Monday, January 24, 2011

Sama Sama, All the Time-a

Weeks before my departure from LA, my lunch buddy Seth and I decided to try a new Indonesian restaurant in West LA. Curries, rice dishes, banana leaf wrapped meats, the options were endless and I found myself even more excited for my trip to Indonesia in the coming months.
Flash forward 2 months…  I’m sitting at a restaurant in Bali, unenthusiastically eating my sixth meal of mashed potatoes in five days.  I haven’t been to the bathroom in almost a week. Once a favorite pastime, eating is now merely a chore to fill my stomach. I'm becoming increasingly sure that the Indonesian restaurant in LA was serving food from another country. Every time I ask to see the local menu or what the local dishes are, I’m met with the same answer:
Nasi Goreng, Nasi Campur. Fried Noodles, Fried Rice.  

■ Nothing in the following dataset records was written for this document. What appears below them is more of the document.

(* Let $\Omega$ be a topological space, $X$ a locally convex topological vector space with defining family of seminorms $\mathfrak{A}$, $V \subset F(\Omega, \mathbb{R}_+)$, $f \in F(\Omega, X)$, $W \subset F(\Omega, X)$, $p \in \mathfrak{A}$, $v \in V$. Assume $\overline{(vf)(\Omega)}$ is compact. Then $d_{v, p, \Omega}(f, W) = 0$ if and only if for any $\varepsilon > 0$ and any finitely many $x_1, \dots, x_n \in X$ there is $g \in W$ such that for all $x\in\Omega$ and $i=1,\dots,n$: if $p(v(x)f(x) - x_i) < \varepsilon$ then $p(v(x)g(x) - x_i) < 2\varepsilon$.
   Context: $vf$ denotes the function $x\mapsto v(x)f(x)$. $d_{v,p,\Omega}(f,W)=\inf_{g\in W}\sup_{x\in\Omega}v(x)p(f(x)-g(x))$. *)

theory Defs
  imports "HOL-Analysis.Analysis"
begin

definition seminorm :: "('x::real_vector \<Rightarrow> real) \<Rightarrow> bool" where
  "seminorm p \<longleftrightarrow> (\<forall>x. 0 \<le> p x) \<and> (\<forall>x y. p (x + y) \<le> p x + p y)
     \<and> (\<forall>c x. p (c *\<^sub>R x) = \<bar>c\<bar> * p x)"

definition seminorm_topology :: "('x::real_vector \<Rightarrow> real) set \<Rightarrow> 'x topology" where
  "seminorm_topology A = topology (\<lambda>U. \<forall>x\<in>U. \<exists>F e. finite F \<and> F \<subseteq> A \<and> 0 < e \<and>
       {y. \<forall>q\<in>F. q (y - x) < e} \<subseteq> U)"

definition weighted_dist ::
  "('a \<Rightarrow> real) \<Rightarrow> ('x::real_vector \<Rightarrow> real) \<Rightarrow> 'a set \<Rightarrow> ('a \<Rightarrow> 'x) \<Rightarrow> ('a \<Rightarrow> 'x) set \<Rightarrow> ennreal" where
  "weighted_dist v p \<Omega> f W = (INF g\<in>W. SUP x\<in>\<Omega>. ennreal (v x * p (f x - g x)))"

end

theory Submission
  imports Defs
begin

text \<open>The distance vanishes iff \<open>vg\<close> approximates \<open>vf\<close> uniformly in \<open>p\<close> for suitable \<open>g \<in> W\<close>.
  A uniform \<open>\<epsilon>\<close>-approximation gives the local condition by the triangle inequality.
  Conversely, compactness of the closure of \<open>(vf)(\<Omega>)\<close> yields a finite \<open>\<epsilon>\<close>-net \<open>S\<close> of it in \<open>p\<close>;
  the local condition for \<open>S\<close> then gives \<open>p(vf - vg) < \<epsilon> + 2\<epsilon>\<close> on all of \<open>\<Omega>\<close>.\<close>

lemma seminorm_minus_commute: "seminorm p \<Longrightarrow> p (a - b) = p (b - a)"
  unfolding seminorm_def by (metis abs_neg_one minus_diff_eq mult_1 scaleR_minus1_left)

lemma seminorm_triangle_diff: "seminorm p \<Longrightarrow> p (a - c) \<le> p (a - b) + p (b - c)"
  unfolding seminorm_def by (metis diff_add_cancel add_diff_eq)

lemma seminorm_zero: "seminorm p \<Longrightarrow> p 0 = 0"
  unfolding seminorm_def by (metis abs_0 mult_zero_left scaleR_zero_left)

lemma seminorm_scaleR_diff:
  "seminorm p \<Longrightarrow> 0 \<le> c \<Longrightarrow> p (c *\<^sub>R a - c *\<^sub>R b) = c * p (a - b)"
  unfolding seminorm_def by (metis abs_of_nonneg scaleR_diff_right)

lemma istopology_seminorm_open:
  fixes A :: "('a::real_vector \<Rightarrow> real) set"
  shows "istopology (\<lambda>U. \<forall>x\<in>U. \<exists>F e. finite F \<and> F \<subseteq> A \<and> 0 < e \<and> {y. \<forall>q\<in>F. q (y - x) < e} \<subseteq> U)"
  (is "istopology ?open")
  unfolding istopology_def
proof (intro conjI allI impI)
  fix S T assume "?open S" "?open T"
  show "?open (S \<inter> T)"
  proof
    fix x assume "x \<in> S \<inter> T"
    with \<open>?open S\<close> obtain F1 e1
      where F1: "finite F1" "F1 \<subseteq> A" "0 < e1" "{y. \<forall>q\<in>F1. q (y - x) < e1} \<subseteq> S"
      by (meson IntD1)
    from \<open>x \<in> S \<inter> T\<close> \<open>?open T\<close> obtain F2 e2
      where F2: "finite F2" "F2 \<subseteq> A" "0 < e2" "{y. \<forall>q\<in>F2. q (y - x) < e2} \<subseteq> T"
      by (meson IntD2)
    have "{y. \<forall>q\<in>F1 \<union> F2. q (y - x) < min e1 e2} \<subseteq>
        {y. \<forall>q\<in>F1. q (y - x) < e1} \<inter> {y. \<forall>q\<in>F2. q (y - x) < e2}"
      by auto
    also have "\<dots> \<subseteq> S \<inter> T"
      using F1(4) F2(4) by (rule Int_mono)
    finally show "\<exists>F e. finite F \<and> F \<subseteq> A \<and> 0 < e \<and> {y. \<forall>q\<in>F. q (y - x) < e} \<subseteq> S \<inter> T"
      using F1(1-3) F2(1-3) by (intro exI[of _ "F1 \<union> F2"] exI[of _ "min e1 e2"]) simp
  qed
next
  fix \<K> assume "\<forall>U\<in>\<K>. ?open U"
  show "?open (\<Union>\<K>)"
  proof
    fix x assume "x \<in> \<Union>\<K>"
    then obtain U where "U \<in> \<K>" "x \<in> U"
      by blast
    with \<open>\<forall>U\<in>\<K>. ?open U\<close> obtain F e
      where "finite F" "F \<subseteq> A" "0 < e" "{y. \<forall>q\<in>F. q (y - x) < e} \<subseteq> U"
      by meson
    moreover have "U \<subseteq> \<Union>\<K>"
      using \<open>U \<in> \<K>\<close> by (rule Union_upper)
    ultimately show "\<exists>F e. finite F \<and> F \<subseteq> A \<and> 0 < e \<and> {y. \<forall>q\<in>F. q (y - x) < e} \<subseteq> \<Union>\<K>"
      by (meson order_trans)
  qed
qed

lemma openin_seminorm_topology:
  "openin (seminorm_topology A) U \<longleftrightarrow>
     (\<forall>x\<in>U. \<exists>F e. finite F \<and> F \<subseteq> A \<and> 0 < e \<and> {y. \<forall>q\<in>F. q (y - x) < e} \<subseteq> U)"
  unfolding seminorm_topology_def topology_inverse'[OF istopology_seminorm_open] by (rule refl)

lemma topspace_seminorm_topology [simp]: "topspace (seminorm_topology A) = UNIV"
proof -
  have "openin (seminorm_topology A) UNIV"
    unfolding openin_seminorm_topology by (auto intro!: exI[of _ "{}"] exI[of _ "1::real"])
  then show ?thesis
    using openin_subset by auto
qed

lemma openin_seminorm_ball:
  assumes "seminorm p" "p \<in> A"
  shows "openin (seminorm_topology A) {y. p (y - c) < r}"
  unfolding openin_seminorm_topology
proof (intro ballI exI conjI)
  fix x assume "x \<in> {y. p (y - c) < r}"
  then show "0 < r - p (x - c)" by simp
  show "{y. \<forall>q\<in>{p}. q (y - x) < r - p (x - c)} \<subseteq> {y. p (y - c) < r}"
  proof clarsimp
    fix y assume "p (y - x) < r - p (x - c)"
    then show "p (y - c) < r"
      using seminorm_triangle_diff[OF assms(1), of y c x] by linarith
  qed
qed (use assms in auto)

lemma compactin_seminorm_finite_net:
  assumes "compactin (seminorm_topology A) K" "seminorm p" "p \<in> A" "0 < \<epsilon>"
  obtains S where "finite S" "\<forall>y\<in>K. \<exists>c\<in>S. p (y - c) < \<epsilon>"
proof -
  let ?balls = "(\<lambda>c. {y. p (y - c) < \<epsilon>}) ` UNIV"
  have "\<forall>B\<in>?balls. openin (seminorm_topology A) B"
    using openin_seminorm_ball[OF assms(2,3)] by blast
  moreover have "y \<in> {z. p (z - y) < \<epsilon>}" for y
    using assms(4) seminorm_zero[OF assms(2)] by simp
  then have "K \<subseteq> \<Union>?balls"
    by blast
  ultimately obtain F where "finite F" "F \<subseteq> ?balls" "K \<subseteq> \<Union>F"
    using assms(1) unfolding compactin_def by meson
  then obtain S where "finite S" "F = (\<lambda>c. {y. p (y - c) < \<epsilon>}) ` S"
    by (meson finite_subset_image)
  with \<open>K \<subseteq> \<Union>F\<close> show ?thesis
    using that by blast
qed

lemma weighted_dist_eq_0_iff:
  "weighted_dist v p \<Omega> f W = 0 \<longleftrightarrow> (\<forall>e>0. \<exists>g\<in>W. \<forall>x\<in>\<Omega>. v x * p (f x - g x) < e)"
proof
  assume "weighted_dist v p \<Omega> f W = 0"
  show "\<forall>e>0. \<exists>g\<in>W. \<forall>x\<in>\<Omega>. v x * p (f x - g x) < e"
  proof (intro allI impI)
    fix e :: real assume "0 < e"
    with \<open>weighted_dist v p \<Omega> f W = 0\<close>
    have "(INF g\<in>W. SUP x\<in>\<Omega>. ennreal (v x * p (f x - g x))) < ennreal e"
      unfolding weighted_dist_def by simp
    then obtain g where "g \<in> W" and sup: "(SUP x\<in>\<Omega>. ennreal (v x * p (f x - g x))) < ennreal e"
      unfolding INF_less_iff by blast
    have "v x * p (f x - g x) < e" if "x \<in> \<Omega>" for x
    proof -
      have less: "ennreal (v x * p (f x - g x)) < ennreal e"
        using SUP_upper[OF that, of "\<lambda>x. ennreal (v x * p (f x - g x))"] sup
        by (rule order.strict_trans1)
      show ?thesis
      proof (rule ccontr)
        assume "\<not> v x * p (f x - g x) < e"
        then have "ennreal e \<le> ennreal (v x * p (f x - g x))"
          by (intro ennreal_leI) simp
        with less show False
          by (blast dest: leD)
      qed
    qed
    with \<open>g \<in> W\<close> show "\<exists>g\<in>W. \<forall>x\<in>\<Omega>. v x * p (f x - g x) < e"
      by blast
  qed
next
  assume approx: "\<forall>e>0. \<exists>g\<in>W. \<forall>x\<in>\<Omega>. v x * p (f x - g x) < e"
  have le_eps: "weighted_dist v p \<Omega> f W \<le> ennreal e" if "0 < e" for e
  proof -
    obtain g where "g \<in> W" and g: "\<forall>x\<in>\<Omega>. v x * p (f x - g x) < e"
      using approx \<open>0 < e\<close> by blast
    have "(SUP x\<in>\<Omega>. ennreal (v x * p (f x - g x))) \<le> ennreal e"
    proof (rule SUP_least)
      fix x assume "x \<in> \<Omega>"
      with g show "ennreal (v x * p (f x - g x)) \<le> ennreal e"
        by (simp add: ennreal_leI less_imp_le)
    qed
    with \<open>g \<in> W\<close> show ?thesis
      unfolding weighted_dist_def
      by (rule INF_lower2[where f = "\<lambda>g. SUP x\<in>\<Omega>. ennreal (v x * p (f x - g x))"])
  qed
  have "weighted_dist v p \<Omega> f W \<le> 0"
    by (rule ennreal_le_epsilon) (simp add: le_eps)
  then show "weighted_dist v p \<Omega> f W = 0"
    by simp
qed

lemma local_approx_if_uniform_approx:
  assumes "seminorm p" "p (F - G) < \<epsilon>" "p (F - c) < \<epsilon>"
  shows "p (G - c) < 2 * \<epsilon>"
  using seminorm_triangle_diff[OF assms(1), of G c F] seminorm_minus_commute[OF assms(1), of F G]
    assms(2,3) by linarith

lemma uniform_approx_if_local_approx:
  assumes p: "seminorm p"
    and net: "\<forall>x\<in>\<Omega>. \<exists>c\<in>S. p (F x - c) < \<epsilon>"
    and local: "\<forall>x\<in>\<Omega>. \<forall>c\<in>S. p (F x - c) < \<epsilon> \<longrightarrow> p (G x - c) < 2 * \<epsilon>"
  shows "\<forall>x\<in>\<Omega>. p (F x - G x) < 3 * \<epsilon>"
proof
  fix x assume "x \<in> \<Omega>"
  with net obtain c where "c \<in> S" "p (F x - c) < \<epsilon>"
    by blast
  with local \<open>x \<in> \<Omega>\<close> have "p (G x - c) < 2 * \<epsilon>"
    by blast
  with \<open>p (F x - c) < \<epsilon>\<close> show "p (F x - G x) < 3 * \<epsilon>"
    using seminorm_triangle_diff[OF p, of "F x" "G x" c] seminorm_minus_commute[OF p, of c "G x"]
    by linarith
qed

lemma uniform_approx_iff_local_approx:
  fixes G :: "'b \<Rightarrow> 'a \<Rightarrow> 'x::real_vector"
  assumes p: "seminorm p"
    and totally_bounded: "\<And>\<epsilon>. 0 < \<epsilon> \<Longrightarrow> \<exists>S. finite S \<and> (\<forall>x\<in>\<Omega>. \<exists>c\<in>S. p (F x - c) < \<epsilon>)"
  shows "(\<forall>e>0. \<exists>g\<in>W. \<forall>x\<in>\<Omega>. p (F x - G g x) < e) \<longleftrightarrow>
    (\<forall>\<epsilon>>0. \<forall>S. finite S \<longrightarrow>
      (\<exists>g\<in>W. \<forall>x\<in>\<Omega>. \<forall>c\<in>S. p (F x - c) < \<epsilon> \<longrightarrow> p (G g x - c) < 2 * \<epsilon>))"
proof (intro iffI allI impI)
  fix \<epsilon> :: real and S :: "'x set"
  assume "\<forall>e>0. \<exists>g\<in>W. \<forall>x\<in>\<Omega>. p (F x - G g x) < e" "0 < \<epsilon>"
  then obtain g where "g \<in> W" and g: "\<forall>x\<in>\<Omega>. p (F x - G g x) < \<epsilon>"
    by blast
  show "\<exists>g\<in>W. \<forall>x\<in>\<Omega>. \<forall>c\<in>S. p (F x - c) < \<epsilon> \<longrightarrow> p (G g x - c) < 2 * \<epsilon>"
  proof (intro bexI ballI impI)
    fix x c assume "x \<in> \<Omega>" "p (F x - c) < \<epsilon>"
    from g \<open>x \<in> \<Omega>\<close> have "p (F x - G g x) < \<epsilon>"
      by blast
    then show "p (G g x - c) < 2 * \<epsilon>"
      using \<open>p (F x - c) < \<epsilon>\<close> by (rule local_approx_if_uniform_approx[OF p])
  qed fact
next
  fix e :: real
  assume local: "\<forall>\<epsilon>>0. \<forall>S. finite S \<longrightarrow>
      (\<exists>g\<in>W. \<forall>x\<in>\<Omega>. \<forall>c\<in>S. p (F x - c) < \<epsilon> \<longrightarrow> p (G g x - c) < 2 * \<epsilon>)"
    and "0 < e"
  then have "0 < e / 3"
    by simp
  then obtain S where "finite S" and net: "\<forall>x\<in>\<Omega>. \<exists>c\<in>S. p (F x - c) < e / 3"
    using totally_bounded by blast
  obtain g where "g \<in> W"
    and g: "\<forall>x\<in>\<Omega>. \<forall>c\<in>S. p (F x - c) < e / 3 \<longrightarrow> p (G g x - c) < 2 * (e / 3)"
    using local \<open>finite S\<close> \<open>0 < e / 3\<close> by blast
  from net g have "\<forall>x\<in>\<Omega>. p (F x - G g x) < 3 * (e / 3)"
    by (rule uniform_approx_if_local_approx[OF p])
  with \<open>g \<in> W\<close> show "\<exists>g\<in>W. \<forall>x\<in>\<Omega>. p (F x - G g x) < e"
    by auto
qed

theorem lemma3p3:
  fixes T :: "'a topology" and \<Omega> :: "'a set"
    and A :: "('x::real_vector \<Rightarrow> real) set" and p :: "'x \<Rightarrow> real"
    and v :: "'a \<Rightarrow> real" and f :: "'a \<Rightarrow> 'x" and W :: "('a \<Rightarrow> 'x) set"
  assumes "\<Omega> = topspace T"
    and "\<forall>q\<in>A. seminorm q"
    and "p \<in> A"
    and "\<forall>x\<in>\<Omega>. 0 \<le> v x"
    and "compactin (seminorm_topology A)
           ((seminorm_topology A) closure_of ((\<lambda>x. v x *\<^sub>R f x) ` \<Omega>))"
  shows "weighted_dist v p \<Omega> f W = 0 \<longleftrightarrow>
    (\<forall>\<epsilon>>0. \<forall>S. finite S \<longrightarrow> (\<exists>g\<in>W. \<forall>x\<in>\<Omega>. \<forall>xi\<in>S.
        p (v x *\<^sub>R f x - xi) < \<epsilon> \<longrightarrow> p (v x *\<^sub>R g x - xi) < 2 * \<epsilon>))"
proof -
  let ?K = "(seminorm_topology A) closure_of ((\<lambda>x. v x *\<^sub>R f x) ` \<Omega>)"
  have p: "seminorm p"
    using assms(2,3) by blast
  have scaled: "(\<forall>x\<in>\<Omega>. v x * p (f x - g x) < e) \<longleftrightarrow>
      (\<forall>x\<in>\<Omega>. p (v x *\<^sub>R f x - v x *\<^sub>R g x) < e)" for g e
    using seminorm_scaleR_diff[OF p] assms(4) by auto
  have totally_bounded: "\<exists>S. finite S \<and> (\<forall>x\<in>\<Omega>. \<exists>c\<in>S. p (v x *\<^sub>R f x - c) < \<epsilon>)"
    if "0 < \<epsilon>" for \<epsilon>
  proof -
    obtain S where "finite S" "\<forall>y\<in>?K. \<exists>c\<in>S. p (y - c) < \<epsilon>"
      by (rule compactin_seminorm_finite_net[OF assms(5) p assms(3) \<open>0 < \<epsilon>\<close>])
    moreover have "(\<lambda>x. v x *\<^sub>R f x) ` \<Omega> \<subseteq> ?K"
      by (simp add: closure_of_subset)
    ultimately show ?thesis
      by blast
  qed
  have "weighted_dist v p \<Omega> f W = 0 \<longleftrightarrow>
      (\<forall>e>0. \<exists>g\<in>W. \<forall>x\<in>\<Omega>. p (v x *\<^sub>R f x - v x *\<^sub>R g x) < e)"
    by (simp add: weighted_dist_eq_0_iff scaled)
  also have "\<dots> \<longleftrightarrow> (\<forall>\<epsilon>>0. \<forall>S. finite S \<longrightarrow> (\<exists>g\<in>W. \<forall>x\<in>\<Omega>. \<forall>xi\<in>S.
        p (v x *\<^sub>R f x - xi) < \<epsilon> \<longrightarrow> p (v x *\<^sub>R g x - xi) < 2 * \<epsilon>))"
    using uniform_approx_iff_local_approx[where F = "\<lambda>x. v x *\<^sub>R f x" and G = "\<lambda>g x. v x *\<^sub>R g x",
        OF p totally_bounded] by simp
  finally show ?thesis .
qed

end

I’ve come to realize Bali is where morbidly obese tourists and 19 year old hooligans with no taste buds come to get trashed on cheap booze and eat from the likes of Burger King, McDonald’s and other artery clogging North American chains. If you want good authentic South East Asian cuisine go somewhere else, it’s slim pickings here.
That being said, I realize we did only visit two out of Indonesia's 14,000 islands, and there were a few good meals during the trip. The first being a steamed vegetable dish called Gado Gado dressed in a peanut sauce, served not in a restaurant, but at our cab driver's home in Senaru, Lombok. The second was a delicious Babi Guling, a slow roasted suckling in Ubud where we met a wonderful Malaysian woman who assured us that there would be many more edible delights in her home country. And the third, well that was Sushi, clearly not an Indonesian dish. Needless to say, after one month in Indonesia and only 3 poops in 4 weeks, we were ready to enter Malaysia and experience what the country had to offer our taste buds.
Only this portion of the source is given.